**** Input data ****
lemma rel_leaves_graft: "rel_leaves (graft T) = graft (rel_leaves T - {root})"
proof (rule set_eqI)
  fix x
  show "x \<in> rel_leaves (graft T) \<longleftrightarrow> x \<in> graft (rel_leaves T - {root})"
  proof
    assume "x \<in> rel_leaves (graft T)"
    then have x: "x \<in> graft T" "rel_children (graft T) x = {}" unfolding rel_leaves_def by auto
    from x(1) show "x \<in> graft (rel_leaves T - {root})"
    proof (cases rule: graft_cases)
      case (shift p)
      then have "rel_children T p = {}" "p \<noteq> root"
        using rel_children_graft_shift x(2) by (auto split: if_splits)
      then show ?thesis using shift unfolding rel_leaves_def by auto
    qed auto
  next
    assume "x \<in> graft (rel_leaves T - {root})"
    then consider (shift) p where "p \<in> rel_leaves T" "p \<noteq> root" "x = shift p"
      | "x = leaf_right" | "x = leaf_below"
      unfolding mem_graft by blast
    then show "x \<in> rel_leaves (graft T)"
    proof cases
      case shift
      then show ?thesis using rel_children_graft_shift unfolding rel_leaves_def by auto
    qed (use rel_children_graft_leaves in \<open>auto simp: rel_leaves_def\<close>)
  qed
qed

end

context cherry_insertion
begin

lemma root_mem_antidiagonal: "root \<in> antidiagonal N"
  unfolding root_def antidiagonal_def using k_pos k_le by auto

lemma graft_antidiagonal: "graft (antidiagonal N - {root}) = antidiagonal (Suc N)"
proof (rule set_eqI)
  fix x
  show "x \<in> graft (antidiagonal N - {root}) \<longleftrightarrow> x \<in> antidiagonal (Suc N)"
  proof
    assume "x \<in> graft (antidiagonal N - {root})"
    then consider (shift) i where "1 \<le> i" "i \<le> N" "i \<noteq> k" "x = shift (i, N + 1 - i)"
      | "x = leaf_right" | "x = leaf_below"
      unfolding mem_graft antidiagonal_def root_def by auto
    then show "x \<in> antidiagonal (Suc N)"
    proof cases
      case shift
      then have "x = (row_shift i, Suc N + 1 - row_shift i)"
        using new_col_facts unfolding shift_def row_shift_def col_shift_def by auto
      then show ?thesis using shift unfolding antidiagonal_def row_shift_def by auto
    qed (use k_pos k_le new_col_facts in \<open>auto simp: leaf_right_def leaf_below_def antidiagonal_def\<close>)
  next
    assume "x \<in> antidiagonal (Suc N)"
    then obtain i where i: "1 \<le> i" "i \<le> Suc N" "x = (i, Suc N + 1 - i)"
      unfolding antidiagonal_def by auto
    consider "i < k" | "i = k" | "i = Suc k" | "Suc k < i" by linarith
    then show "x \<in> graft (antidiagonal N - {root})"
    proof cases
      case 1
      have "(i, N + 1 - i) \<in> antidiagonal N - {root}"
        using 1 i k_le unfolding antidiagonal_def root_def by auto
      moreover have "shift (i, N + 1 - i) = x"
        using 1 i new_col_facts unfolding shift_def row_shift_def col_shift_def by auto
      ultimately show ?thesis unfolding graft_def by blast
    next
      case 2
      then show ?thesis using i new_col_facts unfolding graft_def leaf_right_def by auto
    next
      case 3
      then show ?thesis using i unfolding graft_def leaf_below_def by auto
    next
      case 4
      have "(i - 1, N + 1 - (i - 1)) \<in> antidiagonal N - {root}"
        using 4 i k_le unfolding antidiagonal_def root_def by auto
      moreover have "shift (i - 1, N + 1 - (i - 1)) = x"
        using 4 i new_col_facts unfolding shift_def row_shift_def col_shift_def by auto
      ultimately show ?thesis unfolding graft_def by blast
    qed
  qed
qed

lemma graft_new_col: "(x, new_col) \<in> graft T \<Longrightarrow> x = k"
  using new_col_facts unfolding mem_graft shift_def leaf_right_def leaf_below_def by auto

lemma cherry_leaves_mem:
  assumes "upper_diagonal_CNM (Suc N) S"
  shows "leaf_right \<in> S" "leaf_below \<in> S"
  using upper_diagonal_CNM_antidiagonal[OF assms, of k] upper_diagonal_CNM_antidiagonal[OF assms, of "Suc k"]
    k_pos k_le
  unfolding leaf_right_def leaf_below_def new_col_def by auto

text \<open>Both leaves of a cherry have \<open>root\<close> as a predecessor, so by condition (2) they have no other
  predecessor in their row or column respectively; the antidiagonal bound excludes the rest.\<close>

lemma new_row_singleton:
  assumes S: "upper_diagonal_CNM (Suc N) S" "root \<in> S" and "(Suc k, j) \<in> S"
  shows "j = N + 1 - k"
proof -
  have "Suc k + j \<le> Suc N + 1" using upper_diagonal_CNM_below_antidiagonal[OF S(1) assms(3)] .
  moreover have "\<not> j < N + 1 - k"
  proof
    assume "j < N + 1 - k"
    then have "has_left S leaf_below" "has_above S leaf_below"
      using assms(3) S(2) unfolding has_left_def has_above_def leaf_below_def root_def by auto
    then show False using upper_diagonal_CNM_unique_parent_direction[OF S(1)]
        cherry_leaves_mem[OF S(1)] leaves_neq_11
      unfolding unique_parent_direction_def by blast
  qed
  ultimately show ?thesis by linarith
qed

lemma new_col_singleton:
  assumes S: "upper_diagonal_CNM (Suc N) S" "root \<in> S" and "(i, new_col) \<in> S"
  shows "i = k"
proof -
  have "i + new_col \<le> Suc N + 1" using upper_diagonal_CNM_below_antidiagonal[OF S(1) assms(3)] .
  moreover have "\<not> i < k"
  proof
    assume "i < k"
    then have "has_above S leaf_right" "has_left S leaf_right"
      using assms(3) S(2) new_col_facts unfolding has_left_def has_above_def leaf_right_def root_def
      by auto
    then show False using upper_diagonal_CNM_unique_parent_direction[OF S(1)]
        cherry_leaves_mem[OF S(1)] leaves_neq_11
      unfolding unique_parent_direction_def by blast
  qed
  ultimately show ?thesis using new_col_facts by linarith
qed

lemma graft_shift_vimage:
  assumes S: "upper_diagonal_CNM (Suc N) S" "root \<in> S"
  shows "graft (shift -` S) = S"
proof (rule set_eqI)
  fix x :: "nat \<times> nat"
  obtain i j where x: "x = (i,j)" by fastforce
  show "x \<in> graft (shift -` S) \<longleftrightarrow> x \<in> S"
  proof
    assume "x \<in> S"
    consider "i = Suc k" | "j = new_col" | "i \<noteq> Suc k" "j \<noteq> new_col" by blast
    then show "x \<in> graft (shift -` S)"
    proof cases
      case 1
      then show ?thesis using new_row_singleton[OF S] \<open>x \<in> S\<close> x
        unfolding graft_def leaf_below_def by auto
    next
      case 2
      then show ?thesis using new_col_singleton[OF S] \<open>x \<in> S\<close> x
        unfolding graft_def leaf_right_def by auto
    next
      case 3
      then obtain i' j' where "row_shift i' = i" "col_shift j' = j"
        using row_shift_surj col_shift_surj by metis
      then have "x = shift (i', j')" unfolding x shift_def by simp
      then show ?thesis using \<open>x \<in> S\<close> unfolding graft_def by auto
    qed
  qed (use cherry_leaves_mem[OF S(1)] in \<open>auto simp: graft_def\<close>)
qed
****
**** Input data ****
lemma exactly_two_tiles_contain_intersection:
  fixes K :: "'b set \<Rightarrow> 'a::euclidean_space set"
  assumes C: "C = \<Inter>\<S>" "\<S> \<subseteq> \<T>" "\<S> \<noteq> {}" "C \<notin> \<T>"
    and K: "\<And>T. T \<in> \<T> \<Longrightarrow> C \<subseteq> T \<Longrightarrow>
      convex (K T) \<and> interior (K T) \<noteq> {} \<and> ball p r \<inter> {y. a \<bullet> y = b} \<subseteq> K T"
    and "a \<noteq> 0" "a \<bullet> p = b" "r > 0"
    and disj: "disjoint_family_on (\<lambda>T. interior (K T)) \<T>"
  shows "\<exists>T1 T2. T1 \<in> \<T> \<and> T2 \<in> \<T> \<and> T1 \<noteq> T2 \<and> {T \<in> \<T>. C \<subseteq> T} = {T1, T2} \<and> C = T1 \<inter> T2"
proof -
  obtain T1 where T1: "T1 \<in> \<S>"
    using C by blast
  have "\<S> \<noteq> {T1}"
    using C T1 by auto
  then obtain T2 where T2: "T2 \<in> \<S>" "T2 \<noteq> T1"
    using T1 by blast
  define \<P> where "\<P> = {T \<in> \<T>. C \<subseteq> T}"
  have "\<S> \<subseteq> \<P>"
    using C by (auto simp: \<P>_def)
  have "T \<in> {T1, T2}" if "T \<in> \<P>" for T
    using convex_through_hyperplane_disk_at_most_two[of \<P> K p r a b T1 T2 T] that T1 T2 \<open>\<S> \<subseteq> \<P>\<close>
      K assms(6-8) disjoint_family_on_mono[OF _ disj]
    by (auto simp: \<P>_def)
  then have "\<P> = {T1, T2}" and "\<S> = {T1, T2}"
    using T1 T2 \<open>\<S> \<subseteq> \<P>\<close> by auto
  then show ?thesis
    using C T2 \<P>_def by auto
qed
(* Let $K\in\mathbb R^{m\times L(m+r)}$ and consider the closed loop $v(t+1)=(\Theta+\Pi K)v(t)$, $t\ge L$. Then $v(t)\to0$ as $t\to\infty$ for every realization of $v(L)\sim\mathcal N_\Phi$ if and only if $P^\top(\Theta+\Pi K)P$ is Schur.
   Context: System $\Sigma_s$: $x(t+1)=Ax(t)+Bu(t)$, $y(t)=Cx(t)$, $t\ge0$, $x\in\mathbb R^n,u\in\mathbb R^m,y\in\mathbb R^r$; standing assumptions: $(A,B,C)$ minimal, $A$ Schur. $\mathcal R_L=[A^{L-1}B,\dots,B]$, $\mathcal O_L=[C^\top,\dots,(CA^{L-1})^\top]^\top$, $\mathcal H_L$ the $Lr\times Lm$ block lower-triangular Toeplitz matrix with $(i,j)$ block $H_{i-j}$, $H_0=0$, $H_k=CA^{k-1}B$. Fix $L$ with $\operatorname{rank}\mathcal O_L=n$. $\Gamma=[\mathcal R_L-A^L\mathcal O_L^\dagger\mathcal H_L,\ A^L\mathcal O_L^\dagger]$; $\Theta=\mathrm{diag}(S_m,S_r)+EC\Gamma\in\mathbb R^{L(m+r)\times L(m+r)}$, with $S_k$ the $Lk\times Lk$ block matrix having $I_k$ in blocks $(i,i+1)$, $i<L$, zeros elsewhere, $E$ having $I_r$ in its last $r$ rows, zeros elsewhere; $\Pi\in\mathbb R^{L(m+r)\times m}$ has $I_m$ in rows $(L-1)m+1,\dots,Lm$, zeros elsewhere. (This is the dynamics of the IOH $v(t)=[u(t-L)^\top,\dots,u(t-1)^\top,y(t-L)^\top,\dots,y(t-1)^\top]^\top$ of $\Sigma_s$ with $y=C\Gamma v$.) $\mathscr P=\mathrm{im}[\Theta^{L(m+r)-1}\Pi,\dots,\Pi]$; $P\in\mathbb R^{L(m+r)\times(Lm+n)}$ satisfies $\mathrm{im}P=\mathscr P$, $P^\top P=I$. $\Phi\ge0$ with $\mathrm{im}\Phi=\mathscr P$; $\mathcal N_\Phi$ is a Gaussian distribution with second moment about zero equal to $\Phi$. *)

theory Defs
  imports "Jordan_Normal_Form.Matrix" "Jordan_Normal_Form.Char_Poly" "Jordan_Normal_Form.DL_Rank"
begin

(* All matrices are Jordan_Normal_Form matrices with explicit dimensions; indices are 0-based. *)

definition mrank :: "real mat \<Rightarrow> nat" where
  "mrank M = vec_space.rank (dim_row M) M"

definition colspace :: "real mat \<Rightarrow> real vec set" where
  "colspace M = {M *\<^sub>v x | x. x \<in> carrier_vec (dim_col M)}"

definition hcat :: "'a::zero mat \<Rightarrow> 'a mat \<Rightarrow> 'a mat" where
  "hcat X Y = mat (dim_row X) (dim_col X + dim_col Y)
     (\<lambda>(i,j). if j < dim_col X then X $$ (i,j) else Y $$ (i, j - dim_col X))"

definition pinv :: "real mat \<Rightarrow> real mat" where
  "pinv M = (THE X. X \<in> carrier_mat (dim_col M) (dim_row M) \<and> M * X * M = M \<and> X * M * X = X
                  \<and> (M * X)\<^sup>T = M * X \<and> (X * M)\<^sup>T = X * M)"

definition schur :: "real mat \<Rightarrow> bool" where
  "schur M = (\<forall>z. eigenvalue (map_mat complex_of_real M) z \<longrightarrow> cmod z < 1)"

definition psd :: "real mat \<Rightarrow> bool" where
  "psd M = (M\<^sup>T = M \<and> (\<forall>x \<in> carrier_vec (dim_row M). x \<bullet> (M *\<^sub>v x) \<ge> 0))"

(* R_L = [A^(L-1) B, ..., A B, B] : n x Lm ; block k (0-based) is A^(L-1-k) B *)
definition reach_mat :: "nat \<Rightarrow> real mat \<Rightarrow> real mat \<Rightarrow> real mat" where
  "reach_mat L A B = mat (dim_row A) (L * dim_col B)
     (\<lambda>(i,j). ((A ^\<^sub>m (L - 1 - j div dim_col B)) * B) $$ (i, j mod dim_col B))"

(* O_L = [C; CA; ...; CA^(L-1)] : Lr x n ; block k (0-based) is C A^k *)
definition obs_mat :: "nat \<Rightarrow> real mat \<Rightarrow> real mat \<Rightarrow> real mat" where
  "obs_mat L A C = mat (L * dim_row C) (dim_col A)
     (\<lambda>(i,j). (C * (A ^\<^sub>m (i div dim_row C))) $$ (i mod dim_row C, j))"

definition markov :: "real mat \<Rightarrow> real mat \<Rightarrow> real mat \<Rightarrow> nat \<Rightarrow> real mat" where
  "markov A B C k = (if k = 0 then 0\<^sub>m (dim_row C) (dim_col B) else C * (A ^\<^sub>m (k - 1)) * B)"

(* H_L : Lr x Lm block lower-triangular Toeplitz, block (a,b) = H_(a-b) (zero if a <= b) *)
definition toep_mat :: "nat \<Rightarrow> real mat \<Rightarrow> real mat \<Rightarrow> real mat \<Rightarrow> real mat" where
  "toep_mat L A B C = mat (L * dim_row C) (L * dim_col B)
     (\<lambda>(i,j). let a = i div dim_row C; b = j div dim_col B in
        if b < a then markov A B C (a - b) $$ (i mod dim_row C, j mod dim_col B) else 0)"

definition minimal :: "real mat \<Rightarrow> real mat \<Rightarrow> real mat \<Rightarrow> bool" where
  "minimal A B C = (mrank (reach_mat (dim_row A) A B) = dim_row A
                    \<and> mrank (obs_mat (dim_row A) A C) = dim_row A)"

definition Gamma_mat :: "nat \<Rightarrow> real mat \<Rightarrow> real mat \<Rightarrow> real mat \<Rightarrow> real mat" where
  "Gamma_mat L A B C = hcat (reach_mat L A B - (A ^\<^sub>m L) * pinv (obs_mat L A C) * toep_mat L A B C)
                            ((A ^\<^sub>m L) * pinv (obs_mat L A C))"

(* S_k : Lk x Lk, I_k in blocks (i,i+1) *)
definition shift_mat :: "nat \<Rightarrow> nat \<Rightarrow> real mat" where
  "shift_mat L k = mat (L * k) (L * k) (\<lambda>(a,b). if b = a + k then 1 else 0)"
****
**** Input data ****
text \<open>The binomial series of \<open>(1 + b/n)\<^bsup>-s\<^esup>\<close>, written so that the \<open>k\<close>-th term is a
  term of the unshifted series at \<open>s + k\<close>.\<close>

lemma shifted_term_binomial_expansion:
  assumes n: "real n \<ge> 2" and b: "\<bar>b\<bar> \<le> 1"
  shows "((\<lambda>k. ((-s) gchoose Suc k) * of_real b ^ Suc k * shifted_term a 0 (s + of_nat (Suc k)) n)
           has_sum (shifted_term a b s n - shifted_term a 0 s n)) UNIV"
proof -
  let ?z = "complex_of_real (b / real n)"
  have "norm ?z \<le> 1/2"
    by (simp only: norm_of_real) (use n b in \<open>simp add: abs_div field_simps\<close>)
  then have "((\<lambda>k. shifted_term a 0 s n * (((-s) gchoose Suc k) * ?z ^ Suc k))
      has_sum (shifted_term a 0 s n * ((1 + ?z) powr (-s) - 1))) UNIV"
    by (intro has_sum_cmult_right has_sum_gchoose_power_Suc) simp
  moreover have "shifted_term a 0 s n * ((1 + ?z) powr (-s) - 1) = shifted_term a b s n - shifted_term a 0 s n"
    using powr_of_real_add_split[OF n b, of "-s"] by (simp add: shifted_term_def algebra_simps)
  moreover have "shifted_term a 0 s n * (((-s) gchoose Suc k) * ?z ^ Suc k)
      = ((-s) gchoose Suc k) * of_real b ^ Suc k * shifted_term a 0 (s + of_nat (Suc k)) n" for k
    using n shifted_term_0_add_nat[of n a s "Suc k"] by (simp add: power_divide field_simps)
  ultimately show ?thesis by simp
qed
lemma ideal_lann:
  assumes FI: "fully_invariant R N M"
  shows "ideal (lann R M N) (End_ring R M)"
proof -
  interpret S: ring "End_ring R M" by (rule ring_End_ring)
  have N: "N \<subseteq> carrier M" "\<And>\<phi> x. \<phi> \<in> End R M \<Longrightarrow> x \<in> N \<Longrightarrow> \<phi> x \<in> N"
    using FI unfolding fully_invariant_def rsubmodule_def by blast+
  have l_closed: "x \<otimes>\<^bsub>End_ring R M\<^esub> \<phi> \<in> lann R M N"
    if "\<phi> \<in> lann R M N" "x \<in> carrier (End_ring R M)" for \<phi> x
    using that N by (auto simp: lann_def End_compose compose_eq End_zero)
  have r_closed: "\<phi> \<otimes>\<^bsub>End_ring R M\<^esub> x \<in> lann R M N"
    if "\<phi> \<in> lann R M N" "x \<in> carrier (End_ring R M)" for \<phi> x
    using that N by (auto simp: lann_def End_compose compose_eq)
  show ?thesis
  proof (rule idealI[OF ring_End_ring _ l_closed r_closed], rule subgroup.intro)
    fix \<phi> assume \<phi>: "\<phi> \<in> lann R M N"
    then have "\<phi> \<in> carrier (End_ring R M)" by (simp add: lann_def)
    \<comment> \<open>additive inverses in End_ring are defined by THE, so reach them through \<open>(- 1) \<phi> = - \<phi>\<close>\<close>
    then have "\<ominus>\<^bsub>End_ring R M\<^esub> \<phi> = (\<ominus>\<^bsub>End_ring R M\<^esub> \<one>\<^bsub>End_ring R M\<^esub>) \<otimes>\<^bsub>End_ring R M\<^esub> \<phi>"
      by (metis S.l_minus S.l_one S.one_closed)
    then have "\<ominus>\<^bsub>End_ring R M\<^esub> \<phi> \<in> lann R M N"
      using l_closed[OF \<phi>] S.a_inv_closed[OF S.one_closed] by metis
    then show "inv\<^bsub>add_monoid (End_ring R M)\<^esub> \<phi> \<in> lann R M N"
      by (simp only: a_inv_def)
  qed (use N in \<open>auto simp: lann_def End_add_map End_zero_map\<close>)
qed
****
Please tally the lines above that include the word "assms" and answer with the number by itself.

6